(* Let $\mathbf{c}_{0:n}=(c_0,\dots,c_n)$ be a vector of covariance lags of some bounded non-negative measure on $\mathbb{T}$ such that the Toeplitz matrix $T_n=[c_{k-\ell}]_{k,\ell=0}^n$ (with $c_{-k}=\bar c_k$) is singular, and let $\hat{\mathbf{c}}_{0:n}(k)$, $k=1,2,\dots$, be a sequence of vectors of covariance lags (each the first $n+1$ covariances of some bounded non-negative measure on $\mathbb{T}$) with $\hat{\mathbf{c}}_{0:n}(k)\to\mathbf{c}_{0:n}$ as $k\to\infty$. If $\delta$ is a weakly continuous metric on the set $\mathfrak{M}$ of bounded non-negative measures on $\mathbb{T}$, then $\rho_\delta(\mathcal{F}_{\hat{\mathbf{c}}_{0:n}(k)})\to0$ as $k\to\infty$.
   Context: Covariance lags of $d\mu$: $c_k=\frac{1}{2\pi}\int_{-\pi}^{\pi}e^{-ik\theta}d\mu(\theta)$. For $\mathbf{a}=(a_0,\dots,a_n)$, $\mathcal{F}_{\mathbf{a}}=\{d\mu\in\mathfrak{M}:\frac{1}{2\pi}\int_{-\pi}^{\pi}e^{-ik\theta}d\mu(\theta)=a_k,\ k=0,\dots,n\}$. The diameter is $\rho_\delta(\mathcal{F})=\sup\{\delta(d\mu_0,d\mu_1):d\mu_0,d\mu_1\in\mathcal{F}\}$. Weak topology on $\mathfrak{M}$: $d\mu_k\to d\mu$ iff $\int fd\mu_k\to\int fd\mu$ for all real continuous $f$ on $\mathbb{T}$; $\delta$ is weakly continuous if it is continuous on $\mathfrak{M}\times\mathfrak{M}$ for this topology. *)

theory Defs
  imports "HOL-Analysis.Analysis" "Jordan_Normal_Form.Determinant"
begin

text \<open>The unit circle T is represented as the unit circle in the complex plane,
  via the point z = exp(i theta).\<close>

definition circ_measures :: "complex measure set" where
  "circ_measures = {M. sets M = sets (restrict_space borel (sphere 0 1)) \<and> finite_measure M}"

text \<open>Covariance lag c_k = (1/2pi) int e^{-ik theta} dmu(theta); with z = e^{i theta},
  e^{-ik theta} = (cnj z)^k.\<close>
definition cov_lag :: "complex measure \<Rightarrow> nat \<Rightarrow> complex" where
  "cov_lag M k = (1 / (2 * pi)) * integral\<^sup>L M (\<lambda>z. (cnj z) ^ k)"

definition F_set :: "nat \<Rightarrow> (nat \<Rightarrow> complex) \<Rightarrow> complex measure set" where
  "F_set n a = {M \<in> circ_measures. \<forall>k\<le>n. cov_lag M k = a k}"

definition diam_delta :: "(complex measure \<Rightarrow> complex measure \<Rightarrow> real) \<Rightarrow> complex measure set \<Rightarrow> real" where
  "diam_delta \<delta> F = Sup {\<delta> M0 M1 | M0 M1. M0 \<in> F \<and> M1 \<in> F}"

definition is_cov_vector :: "nat \<Rightarrow> (nat \<Rightarrow> complex) \<Rightarrow> bool" where
  "is_cov_vector n a \<longleftrightarrow> (\<exists>M \<in> circ_measures. \<forall>k\<le>n. cov_lag M k = a k)"

definition toeplitz :: "nat \<Rightarrow> (nat \<Rightarrow> complex) \<Rightarrow> complex mat" where
  "toeplitz n c = mat (Suc n) (Suc n) (\<lambda>(k, l). if l \<le> k then c (k - l) else cnj (c (l - k)))"

definition weak_top :: "complex measure topology" where
  "weak_top = topology_generated_by
     {{M \<in> circ_measures. integral\<^sup>L M f \<in> U} | f U.
        continuous_on (sphere 0 1) (f :: complex \<Rightarrow> real) \<and> open U}"

definition is_metric_on :: "'a set \<Rightarrow> ('a \<Rightarrow> 'a \<Rightarrow> real) \<Rightarrow> bool" where
  "is_metric_on S d \<longleftrightarrow>
     (\<forall>x\<in>S. \<forall>y\<in>S. 0 \<le> d x y \<and> (d x y = 0 \<longleftrightarrow> x = y) \<and> d x y = d y x) \<and>
     (\<forall>x\<in>S. \<forall>y\<in>S. \<forall>z\<in>S. d x z \<le> d x y + d y z)"

definition weakly_continuous :: "(complex measure \<Rightarrow> complex measure \<Rightarrow> real) \<Rightarrow> bool" where
  "weakly_continuous \<delta> \<longleftrightarrow>
     continuous_map (prod_topology weak_top weak_top) euclideanreal (\<lambda>(M, N). \<delta> M N)"

end

theory Submission
  imports Defs "HOL-Computational_Algebra.Polynomial"
begin

text \<open>
  A nonzero vector in the kernel of the singular Toeplitz matrix gives a nonzero polynomial p of
  degree at most n with \<open>\<integral> |p|\<^sup>2 d\<mu> = 0\<close>, so the limit measure \<mu> lives on the finitely many zeros
  of p on the circle. Given a continuous f, interpolate it on those zeros by a polynomial q of
  degree at most n; by compactness, \<open>|f - q| \<le> \<eta> + C |p|\<^sup>2\<close> on the circle for any \<open>\<eta> > 0\<close>. Since
  the integrals of q and of \<open>|p|\<^sup>2\<close> against any measure only involve its first n + 1 covariance lags,
  \<open>\<integral> f dM\<close> is uniformly close to \<open>\<integral> f d\<mu>\<close> for all M in \<open>\<F>\<^sub>a\<close> once a is close to c. Hence
  the sets \<open>\<F>\<close> eventually lie in every weak neighbourhood of \<mu>, and weak continuity of \<delta> together
  with \<open>\<delta>(\<mu>, \<mu>) = 0\<close> makes their diameters tend to 0.
\<close>

lemma space_circ_measure: "M \<in> circ_measures \<Longrightarrow> space M = sphere 0 1"
  using sets_eq_imp_space_eq[of M "restrict_space borel (sphere (0::complex) 1)"]
  by (simp add: circ_measures_def space_restrict_space)

lemma integrable_continuous_on_circle:
  fixes g :: "complex \<Rightarrow> 'b::{banach, second_countable_topology}"
  assumes M: "M \<in> circ_measures" and g: "continuous_on (sphere 0 1) g"
  shows "integrable M g"
proof -
  interpret finite_measure M using M by (simp add: circ_measures_def)
  obtain B where B: "\<And>z. z \<in> sphere 0 1 \<Longrightarrow> norm (g z) \<le> B"
    using compact_imp_bounded[OF compact_continuous_image[OF g compact_sphere]]
    by (metis bounded_iff image_eqI)
  have "sets M = sets (restrict_space borel (sphere (0::complex) 1))"
    using M by (simp add: circ_measures_def)
  then have "g \<in> borel_measurable M"
    by (subst measurable_cong_sets[OF _ refl]) (auto intro: borel_measurable_continuous_on_restrict[OF g])
  then show ?thesis
    by (intro integrable_const_bound[where B=B]) (auto simp: space_circ_measure[OF M] B)
qed

lemma measure_space_circ_measure:
  "M \<in> circ_measures \<Longrightarrow> measure M (space M) = 2 * pi * Re (cov_lag M 0)"
  by (simp add: cov_lag_def)

definition toeplitz_entry :: "(nat \<Rightarrow> complex) \<Rightarrow> nat \<Rightarrow> nat \<Rightarrow> complex" where
  "toeplitz_entry a k l = (if l \<le> k then a (k - l) else cnj (a (l - k)))"

definition toeplitz_form :: "nat \<Rightarrow> (nat \<Rightarrow> complex) \<Rightarrow> (nat \<Rightarrow> complex) \<Rightarrow> complex" where
  "toeplitz_form n a v = (\<Sum>k\<le>n. \<Sum>l\<le>n. cnj (v k) * v l * toeplitz_entry a k l)"

lemma toeplitz_form_cong:
  "(\<And>k. k \<le> n \<Longrightarrow> a k = b k) \<Longrightarrow> toeplitz_form n a v = toeplitz_form n b v"
  unfolding toeplitz_form_def toeplitz_entry_def by (intro sum.cong refl) auto

lemma toeplitz_form_tendsto:
  assumes "\<And>i. i \<le> n \<Longrightarrow> (\<lambda>j. a j i) \<longlonglongrightarrow> c i"
  shows "(\<lambda>j. toeplitz_form n (a j) v) \<longlonglongrightarrow> toeplitz_form n c v"
  unfolding toeplitz_form_def toeplitz_entry_def
  by (intro tendsto_sum tendsto_mult tendsto_const) (auto intro!: tendsto_cnj assms)

subsection \<open>Moments of polynomials\<close>

lemma integral_cnj_power_mult_power:
  assumes M: "M \<in> circ_measures"
  shows "integral\<^sup>L M (\<lambda>z. cnj z ^ k * z ^ l) = 2 * pi * toeplitz_entry (cov_lag M) k l"
proof -
  have unit: "cnj z * z = 1" if "z \<in> space M" for z
    using that complex_norm_square[of z] by (simp add: space_circ_measure[OF M] mult.commute)
  show ?thesis
  proof (cases "l \<le> k")
    case True
    then obtain d where d: "k = l + d" using le_Suc_ex by blast
    have "cnj z ^ k * z ^ l = cnj z ^ d * (cnj z * z) ^ l" for z
      by (simp add: d power_add power_mult_distrib)
    then have "integral\<^sup>L M (\<lambda>z. cnj z ^ k * z ^ l) = integral\<^sup>L M (\<lambda>z. cnj z ^ d)"
      by (intro Bochner_Integration.integral_cong) (simp_all add: unit)
    then show ?thesis using True by (simp add: toeplitz_entry_def cov_lag_def d)
  next
    case False
    then obtain d where d: "l = k + d" by (metis le_Suc_ex nat_le_linear)
    have "cnj z ^ k * z ^ l = cnj (cnj z ^ d) * (cnj z * z) ^ k" for z
      by (simp add: d power_add power_mult_distrib)
    then have "integral\<^sup>L M (\<lambda>z. cnj z ^ k * z ^ l) = integral\<^sup>L M (\<lambda>z. cnj (cnj z ^ d))"
      by (intro Bochner_Integration.integral_cong) (simp_all add: unit del: complex_cnj_power)
    also have "\<dots> = cnj (integral\<^sup>L M (\<lambda>z. cnj z ^ d))"
      by (rule Bochner_Integration.integral_cnj)
    finally show ?thesis using False by (simp add: toeplitz_entry_def cov_lag_def d)
  qed
qed

lemma poly_eq_sum_upto:
  fixes p :: "'a::comm_semiring_1 poly"
  assumes "degree p \<le> n"
  shows "poly p z = (\<Sum>i\<le>n. coeff p i * z ^ i)"
proof -
  have "poly p z = (\<Sum>i\<le>degree p. coeff p i * z ^ i)"
    by (rule poly_altdef)
  also have "\<dots> = (\<Sum>i\<le>n. coeff p i * z ^ i)"
    using assms by (intro sum.mono_neutral_left) (auto simp: coeff_eq_0)
  finally show ?thesis .
qed

lemma integral_poly_circ_measure:
  assumes M: "M \<in> circ_measures" and "degree q \<le> n"
  shows "integral\<^sup>L M (poly q) = 2 * pi * (\<Sum>i\<le>n. coeff q i * cnj (cov_lag M i))"
proof -
  have "integral\<^sup>L M (poly q) = integral\<^sup>L M (\<lambda>z. \<Sum>i\<le>n. coeff q i * cnj (cnj z ^ i))"
    by (intro arg_cong[where f="integral\<^sup>L M"] ext) (simp add: poly_eq_sum_upto[OF assms(2)])
  also have "\<dots> = (\<Sum>i\<le>n. coeff q i * cnj (integral\<^sup>L M (\<lambda>z. cnj z ^ i)))"
    by (subst Bochner_Integration.integral_sum)
      (auto intro!: integrable_continuous_on_circle[OF M] continuous_intros
        simp del: complex_cnj_power)
  finally show ?thesis by (simp add: cov_lag_def sum_distrib_left algebra_simps)
qed

lemma integral_norm_poly_squared:
  assumes M: "M \<in> circ_measures" and "degree p \<le> n"
  shows "complex_of_real (integral\<^sup>L M (\<lambda>z. (cmod (poly p z))\<^sup>2))
           = 2 * pi * toeplitz_form n (cov_lag M) (coeff p)"
proof -
  have square: "complex_of_real ((cmod (poly p z))\<^sup>2)
      = (\<Sum>k\<le>n. \<Sum>l\<le>n. cnj (coeff p k) * coeff p l * (cnj z ^ k * z ^ l))" for z
  proof -
    have "complex_of_real ((cmod (poly p z))\<^sup>2) = cnj (poly p z) * poly p z"
      using complex_norm_square by (simp add: mult.commute)
    also have "\<dots> = (\<Sum>k\<le>n. cnj (coeff p k) * cnj z ^ k) * (\<Sum>l\<le>n. coeff p l * z ^ l)"
      using assms(2) by (simp add: poly_eq_sum_upto cnj_sum)
    also have "\<dots> = (\<Sum>k\<le>n. \<Sum>l\<le>n. cnj (coeff p k) * cnj z ^ k * (coeff p l * z ^ l))"
      by (rule sum_product)
    finally show ?thesis by (simp add: algebra_simps)
  qed
  have "complex_of_real (integral\<^sup>L M (\<lambda>z. (cmod (poly p z))\<^sup>2))
      = integral\<^sup>L M (\<lambda>z. \<Sum>k\<le>n. \<Sum>l\<le>n. cnj (coeff p k) * coeff p l * (cnj z ^ k * z ^ l))"
    by (simp only: integral_complex_of_real[symmetric] square)
  also have "\<dots> = (\<Sum>k\<le>n. \<Sum>l\<le>n. cnj (coeff p k) * coeff p l * integral\<^sup>L M (\<lambda>z. cnj z ^ k * z ^ l))"
    by (simp add: Bochner_Integration.integral_sum integrable_continuous_on_circle[OF M]
        continuous_intros)
  also have "\<dots> = 2 * pi * toeplitz_form n (cov_lag M) (coeff p)"
    unfolding integral_cnj_power_mult_power[OF M] toeplitz_form_def
    by (simp add: sum_distrib_left algebra_simps)
  finally show ?thesis .
qed

lemma singular_toeplitz_kernel_poly:
  assumes "det (toeplitz n c) = 0"
  obtains p where "p \<noteq> 0" "degree p \<le> n" "toeplitz_form n c (coeff p) = 0"
proof -
  have "toeplitz n c \<in> carrier_mat (Suc n) (Suc n)" by (simp add: toeplitz_def)
  then obtain w where w: "w \<in> carrier_vec (Suc n)" "w \<noteq> 0\<^sub>v (Suc n)" "toeplitz n c *\<^sub>v w = 0\<^sub>v (Suc n)"
    using det_0_iff_vec_prod_zero assms by blast
  define p where "p = (\<Sum>l\<le>n. monom (w $ l) l)"
  have coeff_p: "coeff p l = (if l \<le> n then w $ l else 0)" for l
    by (simp add: p_def coeff_sum coeff_monom)
  have row: "(\<Sum>l\<le>n. toeplitz_entry c k l * coeff p l) = 0" if "k \<le> n" for k
  proof -
    have "(toeplitz n c *\<^sub>v w) $ k = 0" using w(3) that by simp
    then show ?thesis using that w(1)
      by (simp add: toeplitz_def toeplitz_entry_def scalar_prod_def coeff_p atLeast0LessThan
          lessThan_Suc_atMost)
  qed
  have "toeplitz_form n c (coeff p) = (\<Sum>k\<le>n. cnj (coeff p k) * (\<Sum>l\<le>n. toeplitz_entry c k l * coeff p l))"
    unfolding toeplitz_form_def by (simp add: sum_distrib_left algebra_simps)
  then have "toeplitz_form n c (coeff p) = 0" using row by simp
  moreover have "p \<noteq> 0"
  proof
    assume "p = 0"
    then have "w $ l = 0" if "l \<le> n" for l
      using coeff_p[of l] that by simp
    then have "w = 0\<^sub>v (Suc n)"
      using w(1) by (intro eq_vecI) (auto simp: less_Suc_eq_le)
    with w(2) show False by simp
  qed
  moreover have "degree p \<le> n"
    using coeff_p by (intro degree_le) auto
  ultimately show ?thesis using that by blast
qed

To do>
Scan the material above for the word "shows", and copy every line in which it is found.

Output for this exercise>
  shows "integrable M g"
  shows "(\<lambda>j. toeplitz_form n (a j) v) \<longlonglongrightarrow> toeplitz_form n c v"
  shows "integral\<^sup>L M (\<lambda>z. cnj z ^ k * z ^ l) = 2 * pi * toeplitz_entry (cov_lag M) k l"
  shows "poly p z = (\<Sum>i\<le>n. coeff p i * z ^ i)"
  shows "integral\<^sup>L M (poly q) = 2 * pi * (\<Sum>i\<le>n. coeff q i * cnj (cov_lag M i))"
  shows "complex_of_real (integral\<^sup>L M (\<lambda>z. (cmod (poly p z))\<^sup>2))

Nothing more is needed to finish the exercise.